The Financial Supervisory Service (FSS) has improved technical reserving and K-ICS related requirements from January 2024 to enable comparison among insurers and ensure financial soundness.
It should be noted that IFRS 17 standards do not provide any concrete guidelines for calculating the Loss Development Factor (LDF). This is why insurers are using various methods to estimate loss development. To calculate the LDF, insurers have arbitrarily chosen between the date when an accident occurs and the date when the reason for payment arises. Starting from January 2024, however, the regulation has been revised to apply the date of the insurance payment obligation in principle. If the justification is substantiated, the date of the accident may be applicable to calculate the estimated loss development. For any additional insurance payment due to the same accident, the terms and conditions of the policy will be considered, and the initial date of the accident will be applied to calculate the LDF.
The criteria for calculating the discount rate for insurance liability have improved. The range of the Long-term Forward Rates (LTFR) adjustment applicable to long-term liabilities (60 years or more) without any market information has been increased from 15 bps to 25 bps. The greater range was allowed so that the long-term discount rate can be more in line with the actual interest rate.
The regulator also introduced the proportionality principle to evaluate assets and liabilities. Previously, the basic method was universally applied even to assets and liabilities that would have little impact on the actual K-ICS ratio. This was time and resource consuming because the basic method for evaluating assets and liabilities was extremely complicated. To simplify the calculation, the regulator allowed a conservative approach (based on an assumption of 50% loss) to be applied to drastically save time and resources.

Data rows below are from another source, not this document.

(* Let $\Delta$ be a quasi-forest of dimension $d-1$ with $s+1$ facets and $f$-vector $(f_0,\ldots,f_{d-1})$, and put $f_{-1}=1$. Then there exist an integer $t$ with $0\le t\le s$ and sequences of integers $(\delta_1,\ldots,\delta_t,\delta_{t+1})$ and $(e_1,\ldots,e_t)$ with $\delta_i\neq e_j$ for all $i,j$, such that $0<\delta_1\le\cdots\le\delta_t\le\delta_{t+1}=d$, $0\le e_1\le\cdots\le e_t<d$, $e_j<\delta_j$ for $1\le j\le t$, and $$\sum_{i=0}^{d} f_{i-1}x^i=\sum_{j=1}^{t+1}(1+x)^{\delta_j}-\sum_{j=1}^{t}(1+x)^{e_j}.$$
   Context: A simplicial complex $\Delta$ on $[n]$ is a collection of subsets of $[n]$ containing all singletons and closed under taking subsets; $\dim\Delta=d-1$ where $d$ is the maximal face size; facets are maximal faces; $f_i$ is the number of faces with $i+1$ elements. For facets $F_{i_1},\ldots,F_{i_q}$, $\langle F_{i_1},\ldots,F_{i_q}\rangle$ is the subcomplex of all faces contained in some $F_{i_j}$. A facet $F$ is a leaf if there is another facet $G\neq F$ with $H\cap F\subset G\cap F$ for all facets $H\neq F$. A quasi-forest is a simplicial complex whose facets admit an ordering $H_1,\ldots,H_m$ such that for each $1<j\le m$, $H_j$ is a leaf of $\langle H_1,\ldots,H_j\rangle$. *)

theory Defs
  imports "HOL-Computational_Algebra.Polynomial"
begin

definition simplicial_complex :: "nat \<Rightarrow> nat set set \<Rightarrow> bool" where
  "simplicial_complex n \<Delta> \<longleftrightarrow>
     \<Delta> \<subseteq> Pow {1..n} \<and> (\<forall>i\<in>{1..n}. {i} \<in> \<Delta>) \<and>
     (\<forall>F\<in>\<Delta>. \<forall>G. G \<subseteq> F \<longrightarrow> G \<in> \<Delta>)"

definition facets :: "'a set set \<Rightarrow> 'a set set" where
  "facets \<Delta> = {F \<in> \<Delta>. \<forall>G\<in>\<Delta>. F \<subseteq> G \<longrightarrow> G = F}"

text \<open>Maximal face size d (so dim = d - 1).\<close>
definition max_face_size :: "'a set set \<Rightarrow> nat" where
  "max_face_size \<Delta> = Max (card ` \<Delta>)"

text \<open>Number of faces with k elements; f_i = face_count \<Delta> (i+1), f_{-1} = face_count \<Delta> 0.\<close>
definition face_count :: "'a set set \<Rightarrow> nat \<Rightarrow> nat" where
  "face_count \<Delta> k = card {A \<in> \<Delta>. card A = k}"

definition gen_complex :: "'a set set \<Rightarrow> 'a set set" where
  "gen_complex S = {A. \<exists>F\<in>S. A \<subseteq> F}"

definition is_leaf :: "'a set set \<Rightarrow> 'a set \<Rightarrow> bool" where
  "is_leaf \<Delta> F \<longleftrightarrow> F \<in> facets \<Delta> \<and>
     (\<exists>G\<in>facets \<Delta>. G \<noteq> F \<and> (\<forall>H\<in>facets \<Delta>. H \<noteq> F \<longrightarrow> H \<inter> F \<subseteq> G \<inter> F))"

text \<open>Quasi-forest: facets admit an ordering H_1,...,H_m (here the list Hs, 0-indexed)
such that H_j is a leaf of the subcomplex generated by H_1,...,H_j for 1 < j \<le> m.\<close>
definition quasi_forest :: "'a set set \<Rightarrow> bool" where
  "quasi_forest \<Delta> \<longleftrightarrow> (\<exists>Hs. distinct Hs \<and> set Hs = facets \<Delta> \<and>
     (\<forall>j. 1 \<le> j \<and> j < length Hs \<longrightarrow> is_leaf (gen_complex (set (take (Suc j) Hs))) (Hs ! j)))"

end

theory Submission
  imports Defs
begin

text \<open>Write the f-polynomial as the sum of x^|A| over all faces A, so that the full simplex on a
facet H contributes (1 + x)^|H|. Adding the facets in leaf order, each new facet H meets the
complex built so far exactly in the simplex on G \<inter> H, where G is its branch. By
inclusion-exclusion the polynomial is the sum of (1 + x)^|H| over all facets minus the sum of
(1 + x)^|G \<inter> H| over all but the first, and every subtracted exponent is smaller than both |H|
and |G|. This Hall-type domination of the subtracted exponents by the facet sizes survives
cancelling the exponents common to both sides, and after sorting it says e_j < \<delta>_j; the
largest \<delta>_j is the largest facet size d.\<close>

definition face_poly :: "'a set set \<Rightarrow> int poly" where
  "face_poly \<Delta> = (\<Sum>A\<in>\<Delta>. [:0, 1:] ^ card A)"
lemma star_Nil: "0 < x \<Longrightarrow> star [] x y = star [1] (x - 1) y"
  by (simp add: star_def)

theorem lemma3p3:
  fixes p m n w a :: nat and \<gamma> :: "nat list"
  assumes "prime p"
    and "m < p"
    and "n = m + p * w"
    and "is_partition m \<gamma>"
    and "(w + 1) div 2 + 1 \<le> a"
    and "a \<le> w"
  shows "char_degree (star \<gamma> (a * p) ((w - a) * p))
           < char_degree (star \<gamma> ((a - 1) * p) ((w - a + 1) * p))"
proof -
  define x where "x = a * p"
  define y where "y = (w - a) * p"
  have "2 \<le> p" using assms(1) by (rule prime_ge_2_nat)
  have "(w - a + 2) * p \<le> a * p" using assms(5,6) by (intro mult_le_mono1) linarith
  then have "y + 2 * p \<le> x" unfolding x_def y_def by (simp add: algebra_simps)
  have shifted: "(a - 1) * p = x - p" "(w - a + 1) * p = y + p"
    unfolding x_def y_def by (simp_all add: algebra_simps diff_mult_distrib)
  have "char_degree (star \<gamma> x y) < char_degree (star \<gamma> (x - p) (y + p))"
  proof (cases "\<gamma> = []")
    case False
    then interpret nonempty_partition \<gamma> m using assms(4) by unfold_locales
    show ?thesis using \<open>2 \<le> p\<close> \<open>y + 2 * p \<le> x\<close> assms(2) by (intro char_degree_star_shift_less) auto
  next
    case True
    interpret nonempty_partition "[1]" 1 by unfold_locales (simp_all add: is_partition_def)
    have "char_degree (star [1] (x - 1) y) < char_degree (star [1] (x - 1 - p) (y + p))"
      using \<open>2 \<le> p\<close> \<open>y + 2 * p \<le> x\<close> by (intro char_degree_star_shift_less) auto
    then show ?thesis using True \<open>2 \<le> p\<close> \<open>y + 2 * p \<le> x\<close> by (simp add: star_Nil)
  qed
  then show ?thesis unfolding shifted x_def y_def .
qed

end
definition gentle :: "'v set \<Rightarrow> 'a set \<Rightarrow> ('a \<Rightarrow> 'v) \<Rightarrow> ('a \<Rightarrow> 'v) \<Rightarrow> ('v, 'a) qpath set \<Rightarrow> (('v, 'a) qpath \<Rightarrow> 'k::field) set \<Rightarrow> bool" where
  "gentle V E s t R I \<longleftrightarrow>
     (let ap = (\<lambda>\<alpha> \<beta>. pmult t (delta (arrow_path s \<alpha>)) (delta (arrow_path s \<beta>)) :: ('v, 'a) qpath \<Rightarrow> 'k) in
     I = gen_ideal V E s t R \<and> admissible V E s t I \<and>
     (\<forall>p\<in>R. valid_path V E s t p \<and> length (snd p) = 2) \<and>
     (\<forall>v\<in>V. card {\<alpha>\<in>E. s \<alpha> = v} \<le> 2 \<and> card {\<alpha>\<in>E. t \<alpha> = v} \<le> 2) \<and>
     (\<forall>\<alpha>\<in>E. \<forall>\<beta>\<in>E. \<forall>\<beta>'\<in>E. ap \<alpha> \<beta> \<notin> I \<and> ap \<alpha> \<beta>' \<notin> I \<longrightarrow> \<beta> = \<beta>') \<and>
     (\<forall>\<alpha>\<in>E. \<forall>\<gamma>\<in>E. \<forall>\<gamma>'\<in>E. ap \<gamma> \<alpha> \<notin> I \<and> ap \<gamma>' \<alpha> \<notin> I \<longrightarrow> \<gamma> = \<gamma>') \<and>
     (\<forall>\<alpha>\<in>E. \<forall>\<delta>\<in>E. \<forall>\<delta>'\<in>E. t \<alpha> = s \<delta> \<and> t \<alpha> = s \<delta>' \<and> ap \<alpha> \<delta> \<in> I \<and> ap \<alpha> \<delta>' \<in> I \<longrightarrow> \<delta> = \<delta>') \<and>
     (\<forall>\<alpha>\<in>E. \<forall>\<epsilon>\<in>E. \<forall>\<epsilon>'\<in>E. t \<epsilon> = s \<alpha> \<and> t \<epsilon>' = s \<alpha> \<and> ap \<epsilon> \<alpha> \<in> I \<and> ap \<epsilon>' \<alpha> \<in> I \<longrightarrow> \<epsilon> = \<epsilon>'))"

definition maximal_paths :: "'v set \<Rightarrow> 'a set \<Rightarrow> ('a \<Rightarrow> 'v) \<Rightarrow> ('a \<Rightarrow> 'v) \<Rightarrow> (('v, 'a) qpath \<Rightarrow> 'k::field) set \<Rightarrow> ('v, 'a) qpath set" where
  "maximal_paths V E s t I = {p. valid_path V E s t p \<and> delta p \<notin> I \<and>
     (\<forall>\<alpha>\<in>E. pmult t (delta (arrow_path s \<alpha>)) (delta p) \<in> I \<and> pmult t (delta p) (delta (arrow_path s \<alpha>)) \<in> I)}"

text \<open>Sub-bimodules of A = kQ/I are the ideals J/I with I \<subseteq> J.  A simple sub-bimodule
  corresponds to an ideal J minimal among ideals strictly containing I; the socle
  soc_{A^e} A (sum of simple sub-bimodules) corresponds to the preimage below.\<close>

definition minimal_over :: "'v set \<Rightarrow> 'a set \<Rightarrow> ('a \<Rightarrow> 'v) \<Rightarrow> ('a \<Rightarrow> 'v) \<Rightarrow> (('v, 'a) qpath \<Rightarrow> 'k::field) set \<Rightarrow> (('v, 'a) qpath \<Rightarrow> 'k) set \<Rightarrow> bool" where
  "minimal_over V E s t I J \<longleftrightarrow> is_ideal V E s t J \<and> I \<subset> J \<and>
     (\<forall>K. is_ideal V E s t K \<and> I \<subseteq> K \<and> K \<subseteq> J \<longrightarrow> K = I \<or> K = J)"

definition socle_preimage :: "'v set \<Rightarrow> 'a set \<Rightarrow> ('a \<Rightarrow> 'v) \<Rightarrow> ('a \<Rightarrow> 'v) \<Rightarrow> (('v, 'a) qpath \<Rightarrow> 'k::field) set \<Rightarrow> (('v, 'a) qpath \<Rightarrow> 'k) set" where
  "socle_preimage V E s t I = \<Inter> {K. is_ideal V E s t K \<and> I \<subseteq> K \<and> (\<forall>J. minimal_over V E s t I J \<longrightarrow> J \<subseteq> K)}"

definition alg_closed :: "'k::field itself \<Rightarrow> bool" where
  "alg_closed _ \<longleftrightarrow> (\<forall>p :: 'k poly. degree p \<ge> 1 \<longrightarrow> (\<exists>x. poly p x = 0))"

end

theory Submission
  imports Defs
begin

text \<open>Only two properties of the gentle ideal \<open>I\<close> are used: it is spanned by the paths it
  contains, and it contains all paths of some length \<open>m\<close>.

  For a maximal path \<open>p\<close>, the span of \<open>I\<close> and \<open>p\<close>
  is an ideal, and it is minimal over \<open>I\<close>, since any of its elements outside \<open>I\<close> has a nonzero
  \<open>p\<close>-coefficient. Conversely, let \<open>J\<close> be minimal over \<open>I\<close>. By minimality each \<open>J \<inter> (I + R\<^sup>N)\<close>
  is \<open>I\<close> or \<open>J\<close>, and as \<open>I + R\<^sup>m = I\<close> there is an \<open>N\<close> with \<open>J \<subseteq> I + R\<^sup>N\<close> but
  \<open>J \<inter> (I + R\<^sup>N\<^sup>+\<^sup>1) = I\<close>. Multiplying an element of \<open>J\<close> by an arrow on either side
  therefore lands in \<open>I\<close>, so, \<open>I\<close> being monomial, every path in its support outside \<open>I\<close>
  is maximal. Hence the socle is \<open>I\<close> plus the span of the maximal paths, which are linearly
  independent modulo the monomial ideal \<open>I\<close>.\<close>

abbreviation pcat :: "('v, 'a) qpath \<Rightarrow> ('v, 'a) qpath \<Rightarrow> ('v, 'a) qpath" where
  "pcat p q \<equiv> (fst p, snd p @ snd q)"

Lastly, the levels of shocks caused by large-scale surrenders have been differentiated based on the product attributes. When there is an economic fluctuation, the insured tend to surrender their savings products first. This is why in the event of an economic crisis, the likelihood of savings insurance being surrendered at a large scale is higher than protection insurance. Until now, the same level of shock (30%) has been applied across the board despite the difference. This percentage was amended so that 35% can be applied for savings insurance and 25% can be applied for protection insurance.